一般说来，数字图像平滑分为两大类别。在第一个类别中，是通过对噪声图像的全部或者很大一部分进行分析处理，得到平滑后图像。在技术实现上，一般采用维纳滤波和最小方差值滤波，或者使用一维或二维的卡尔曼滤波。这些方法的实现都需要知道无噪声图像信号及噪声信号的统计模型，但是显示，对于大多数图像，统计模型是不可能仅通过一个简单的随机函数等进行恰当描述的。使用这些方法得到的图像模糊，而且把细微细节都隐去了。另外，这些方法也是很耗时的。在第二种类别里，对噪声图像使用局部描述符进行描述。只对落在感兴趣像素领域里的像素进行计算，而不是针对全部。这种方法直接的好处就是很高效。因为像素之间的计算可以并行，这使得他们有很大的潜在可能性适用于实时或接近实时实现，近来的在图像平滑以及图像分割等领域的研究也支持了这种方法。

There are many local smoothing methods. The well-known median filter in one or two dimensions has attracted much attention. The edge preserving smoothing of Nagao and Masuyama, the gradient inverse weighting scheme of Wang et al., the box filtering algorithm, and the local statistics method of Lee are just a few other altorithms in this category. Obviously, it is nearly impossible to rank them, because an algorithm may be effective for a class of images, but ineffective for others. In this paper a new class of local smoothing schemes is introduced. It is motivated by the sigma probability of the Gaussian distribution. The basic idea is to replace the pixel to be processed by the average of only those neighboring pixels having their intensity within a fixed sigma range of the center pixel. Replacing the center pixel by the average of selected neighboring pixels has been explored by many algorithms.
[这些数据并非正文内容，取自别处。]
(* The scheme $\Upsilon$ is a commutative normal subgroup of $U_L$ and $U_L=U_\phi\ltimes\Upsilon$. Moreover, given $\beta=\alpha_{ij}\in\Phi(U_\phi)$, there exists a unique root $\alpha\in\Phi(\Upsilon)$ such that $\alpha+\beta$ is a root of $\mathrm{GL}_n$; explicitly $\alpha=\alpha_{pi}$ where $p\in\{1,\dots,d\}$ is determined by $p\equiv i\bmod d$, and then $\alpha+\beta=\alpha_{pj}$.
   Context: $G=\mathrm{GL}_n$ over a field, $1\le d\le n$, $\alpha_{ij}$ the root with root space $kE_{ij}$. $G_0=\{g\in\mathrm{GL}_n:g_{ij}=0\text{ unless }i\equiv j\bmod d\}$, $L$ a group identified with $G_0$ (the Levi quotient of the parahoric attached to $\check\rho/d$), and roots of $L$ are identified with the roots $\alpha_{ij}$, $i\equiv j\bmod d$, of $G_0$. $U_L$ is the unipotent radical of the upper triangular Borel of $L$, i.e. generated by the root subgroups $U_{\alpha_{ij}}$ with $i<j$, $i\equiv j\bmod d$. $U_\phi\subset U_L$ is the subgroup generated by the $U_\alpha$ with $\alpha\in\Phi(U_\phi)=\{\alpha_{ij}: d+1\le i\le n,\ i+d\le j\le n,\ j\equiv i\bmod d\}$, and $\Upsilon=\prod_{\alpha\in\Phi(\Upsilon)}U_\alpha$ with $\Phi(\Upsilon)=\{\alpha_{ij}:1\le i\le d,\ i+d\le j\le n,\ j\equiv i\bmod d\}$ (so $\Phi(\Upsilon)=\Phi(U_L)-\Phi(U_\phi)$). *)

theory Defs
  imports "HOL-Algebra.Algebra" "HOL-Library.Product_Lexorder"
begin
Nagao's filter replaces the center pixel by the average of a subregion which has minimum variance. Lee in his refined local statistics method selected the region by using gradient information. Graham and Prewitt replace a pixel by the average of the surrounding area if the absolute value of their difference is smaller than some threshold. Rosenfeld in his region growing and tracking algorithm excludes high contrast edges, lines,and points from the average by judging extended box-filtering algorithm restricts the average to only neighbouring pixels with a fixed intensity range. The main differencis between the box filter and the sigma filter of this paper is that the former has the intensity range fixed throughout the center pixel. The advantages are numerous:(1)noise near edge areas will be smoothed without blurring the edge because only pixels on one side of the edge are included in the average;(2)subtle details of several pixel clusters and linear features of one to three pixels in width will be preserved since only those pixels and not the background are included in the average; (3)it will not create artifacts and will retain shapes, because no directional masks are used, unlike the algorithms of Nagao and Lee; it is computationally efficient, since only simple compare and fixed point add instructions are involved.
有很多种局部平滑的方法，最为大家熟知的当属一维或二维的中值滤波，还有Ngao和Masuyama的边界保留平滑，Wang et al的灰度反转权重模式，箱式滤波算法（http://tech-algorithm.com/articles/boxfiltering/），以及Lee的局部统计方法。显然，我们无法对这几种方法分个三六九等，因为一种算法可能对某一类的图像处理效果较好，但对某些图像效果不好，在这篇文章中，我们提出一种新的局部平滑算法，它是基于高斯分布的伽马概率。基本的思想是把待处理的像素用与中心像素相距固定伽马参数值的像素的平均值来代替（翻译的不是很好，这句），用选中区域像素的均值来代替待处理像素，这种方法在很多算法都可以见到。Nagao的滤波器是具用最小变动值的像素的平均值来代替，Lee在其改进的算法中使用灰度信息来选取像素区域，Graham和Prewitt定义了一个阀值，如果选中像素与邻边像素值的差的绝对值在阀值内，就取这些满足要求的像素值的均值，来代替选中像素。Rosenfeld在他的算法把高亮度的边界，线以及点排除使用。。。方法。箱滤波与本文的伽马滤波方法的主要区别在于箱滤波将围绕中心像素的像素灰度值固定，伽马滤波的优点有几点：（1）在不平滑边界的同时，边界区域附近的噪声将被平滑，因为只有边界一边的像素将在取均值的时候包含，而另一边对均值没有贡献；（2）一些像素分类的细节及宽度在一到三个像素的线性特征将被保留，因为在对均值的计算过程中，只有这些像素而不包括背景将会包括；（3）不会产生虚假的信息，不会对图像进行改动，因为没有用到掩码，不像Nagao和Lee的算法；另外，它计算起来比较高效，因为只涉及简单的比较和固定点数的增加操作。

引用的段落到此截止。